___ Data under study ___
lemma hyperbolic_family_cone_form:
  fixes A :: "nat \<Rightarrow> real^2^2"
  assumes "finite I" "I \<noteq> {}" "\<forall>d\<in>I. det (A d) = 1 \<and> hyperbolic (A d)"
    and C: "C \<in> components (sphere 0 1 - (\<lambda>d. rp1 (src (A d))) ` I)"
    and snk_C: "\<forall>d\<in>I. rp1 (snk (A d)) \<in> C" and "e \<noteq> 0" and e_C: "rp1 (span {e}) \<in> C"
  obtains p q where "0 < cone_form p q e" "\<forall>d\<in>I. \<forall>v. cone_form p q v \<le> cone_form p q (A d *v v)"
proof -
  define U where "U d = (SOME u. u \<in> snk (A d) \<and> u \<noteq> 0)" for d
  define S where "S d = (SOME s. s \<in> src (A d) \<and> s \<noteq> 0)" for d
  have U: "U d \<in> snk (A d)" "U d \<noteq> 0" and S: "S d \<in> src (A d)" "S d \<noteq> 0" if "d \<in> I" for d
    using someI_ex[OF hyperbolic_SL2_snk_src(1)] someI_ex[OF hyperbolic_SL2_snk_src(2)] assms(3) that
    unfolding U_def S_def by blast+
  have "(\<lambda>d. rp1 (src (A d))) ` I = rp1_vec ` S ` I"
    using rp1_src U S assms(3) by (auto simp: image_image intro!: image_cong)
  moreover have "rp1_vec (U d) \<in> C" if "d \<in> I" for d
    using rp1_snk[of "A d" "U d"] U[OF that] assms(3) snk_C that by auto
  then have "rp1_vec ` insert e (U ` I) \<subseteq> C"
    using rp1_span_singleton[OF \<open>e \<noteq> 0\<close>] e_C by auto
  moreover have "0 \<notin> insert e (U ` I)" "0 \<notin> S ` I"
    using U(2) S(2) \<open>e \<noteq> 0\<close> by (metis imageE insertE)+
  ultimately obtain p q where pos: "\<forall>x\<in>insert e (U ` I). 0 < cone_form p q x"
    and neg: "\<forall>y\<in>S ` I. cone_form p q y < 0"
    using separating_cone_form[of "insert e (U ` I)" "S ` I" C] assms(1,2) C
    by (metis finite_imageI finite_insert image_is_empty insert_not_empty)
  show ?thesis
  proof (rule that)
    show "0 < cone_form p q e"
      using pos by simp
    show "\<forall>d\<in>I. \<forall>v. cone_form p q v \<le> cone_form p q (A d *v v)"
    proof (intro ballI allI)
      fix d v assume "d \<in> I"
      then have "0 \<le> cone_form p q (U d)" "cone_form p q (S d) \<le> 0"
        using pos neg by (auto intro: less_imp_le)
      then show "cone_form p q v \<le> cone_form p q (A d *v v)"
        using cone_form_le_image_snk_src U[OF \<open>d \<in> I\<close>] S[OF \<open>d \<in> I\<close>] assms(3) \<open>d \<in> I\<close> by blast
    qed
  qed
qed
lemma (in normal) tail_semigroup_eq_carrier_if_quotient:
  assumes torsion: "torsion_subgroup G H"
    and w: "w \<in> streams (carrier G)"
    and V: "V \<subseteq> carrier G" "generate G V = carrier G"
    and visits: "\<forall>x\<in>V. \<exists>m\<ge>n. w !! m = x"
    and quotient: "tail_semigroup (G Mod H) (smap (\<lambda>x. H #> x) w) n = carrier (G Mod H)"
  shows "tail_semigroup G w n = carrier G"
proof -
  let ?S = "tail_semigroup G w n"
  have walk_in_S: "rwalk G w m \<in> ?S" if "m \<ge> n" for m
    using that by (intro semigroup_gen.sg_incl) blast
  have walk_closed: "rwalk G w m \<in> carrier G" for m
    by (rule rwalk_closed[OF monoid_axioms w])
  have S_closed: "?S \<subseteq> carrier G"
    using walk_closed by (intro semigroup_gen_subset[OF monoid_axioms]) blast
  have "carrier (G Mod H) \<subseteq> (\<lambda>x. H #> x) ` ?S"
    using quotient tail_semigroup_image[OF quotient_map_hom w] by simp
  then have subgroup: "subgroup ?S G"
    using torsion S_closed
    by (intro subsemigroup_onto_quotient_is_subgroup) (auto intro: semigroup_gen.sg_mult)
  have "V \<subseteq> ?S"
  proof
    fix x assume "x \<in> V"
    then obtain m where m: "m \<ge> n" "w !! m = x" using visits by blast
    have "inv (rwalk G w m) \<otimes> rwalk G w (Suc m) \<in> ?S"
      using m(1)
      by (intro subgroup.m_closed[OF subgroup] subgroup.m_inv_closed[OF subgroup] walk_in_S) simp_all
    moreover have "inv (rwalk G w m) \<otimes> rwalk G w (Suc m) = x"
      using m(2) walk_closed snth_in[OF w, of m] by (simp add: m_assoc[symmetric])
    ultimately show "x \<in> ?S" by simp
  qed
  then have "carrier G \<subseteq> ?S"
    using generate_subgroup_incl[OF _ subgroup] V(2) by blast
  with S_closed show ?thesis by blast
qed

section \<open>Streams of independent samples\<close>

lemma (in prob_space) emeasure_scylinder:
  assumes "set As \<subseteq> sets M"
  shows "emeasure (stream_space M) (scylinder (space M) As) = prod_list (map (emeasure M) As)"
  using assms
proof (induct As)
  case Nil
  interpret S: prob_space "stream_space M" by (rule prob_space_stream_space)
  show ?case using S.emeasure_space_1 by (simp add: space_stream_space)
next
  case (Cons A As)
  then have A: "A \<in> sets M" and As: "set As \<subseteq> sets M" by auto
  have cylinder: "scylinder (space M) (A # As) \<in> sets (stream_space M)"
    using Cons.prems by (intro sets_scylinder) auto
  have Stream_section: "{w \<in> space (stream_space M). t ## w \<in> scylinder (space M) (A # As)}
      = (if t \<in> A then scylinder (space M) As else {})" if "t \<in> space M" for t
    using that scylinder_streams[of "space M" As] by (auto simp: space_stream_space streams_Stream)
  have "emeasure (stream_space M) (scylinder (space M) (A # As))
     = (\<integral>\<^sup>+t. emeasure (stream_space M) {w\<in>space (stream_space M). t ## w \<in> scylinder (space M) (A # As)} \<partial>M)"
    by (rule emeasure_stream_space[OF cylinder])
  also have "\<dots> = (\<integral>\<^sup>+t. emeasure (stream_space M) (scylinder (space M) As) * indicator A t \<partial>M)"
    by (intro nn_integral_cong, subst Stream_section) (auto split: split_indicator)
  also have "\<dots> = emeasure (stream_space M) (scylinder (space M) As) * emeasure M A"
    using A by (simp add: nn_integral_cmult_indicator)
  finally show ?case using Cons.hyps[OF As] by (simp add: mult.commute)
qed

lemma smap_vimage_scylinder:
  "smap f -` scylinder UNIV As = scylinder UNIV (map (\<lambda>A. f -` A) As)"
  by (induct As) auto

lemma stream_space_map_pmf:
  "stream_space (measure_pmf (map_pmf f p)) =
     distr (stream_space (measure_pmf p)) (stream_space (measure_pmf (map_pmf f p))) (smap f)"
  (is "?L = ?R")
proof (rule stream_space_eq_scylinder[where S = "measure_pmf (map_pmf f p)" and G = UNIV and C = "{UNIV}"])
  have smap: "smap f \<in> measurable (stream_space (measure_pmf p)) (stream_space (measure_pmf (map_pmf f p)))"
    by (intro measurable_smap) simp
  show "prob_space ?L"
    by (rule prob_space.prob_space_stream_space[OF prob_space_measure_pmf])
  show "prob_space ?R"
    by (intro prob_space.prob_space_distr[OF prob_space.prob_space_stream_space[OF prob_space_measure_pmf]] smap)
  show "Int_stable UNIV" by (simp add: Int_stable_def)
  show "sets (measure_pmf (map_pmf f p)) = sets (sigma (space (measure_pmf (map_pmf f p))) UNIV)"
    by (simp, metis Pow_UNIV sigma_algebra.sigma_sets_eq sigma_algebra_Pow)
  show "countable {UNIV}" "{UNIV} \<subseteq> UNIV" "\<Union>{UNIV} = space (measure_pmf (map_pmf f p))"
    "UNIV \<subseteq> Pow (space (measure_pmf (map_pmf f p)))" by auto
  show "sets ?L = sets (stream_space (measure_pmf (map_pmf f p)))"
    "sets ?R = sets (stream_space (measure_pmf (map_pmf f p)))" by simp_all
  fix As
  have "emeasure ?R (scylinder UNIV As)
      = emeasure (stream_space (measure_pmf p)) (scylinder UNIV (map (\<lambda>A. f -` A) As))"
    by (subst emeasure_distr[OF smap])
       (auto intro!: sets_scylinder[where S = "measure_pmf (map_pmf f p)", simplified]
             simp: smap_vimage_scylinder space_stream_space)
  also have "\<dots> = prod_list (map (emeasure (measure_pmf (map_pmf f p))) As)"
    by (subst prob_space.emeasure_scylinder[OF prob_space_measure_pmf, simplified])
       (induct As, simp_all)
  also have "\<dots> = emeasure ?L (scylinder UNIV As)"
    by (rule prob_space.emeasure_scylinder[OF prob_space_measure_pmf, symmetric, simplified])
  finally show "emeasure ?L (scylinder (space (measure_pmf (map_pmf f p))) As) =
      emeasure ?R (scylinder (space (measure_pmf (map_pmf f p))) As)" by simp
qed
___
» Problem to work on: Find every line in the records that has the word "metis". Copy those lines.

» Response to the exercise:
    using U(2) S(2) \<open>e \<noteq> 0\<close> by (metis imageE insertE)+
    by (metis finite_imageI finite_insert image_is_empty insert_not_empty)
    by (simp, metis Pow_UNIV sigma_algebra.sigma_sets_eq sigma_algebra_Pow)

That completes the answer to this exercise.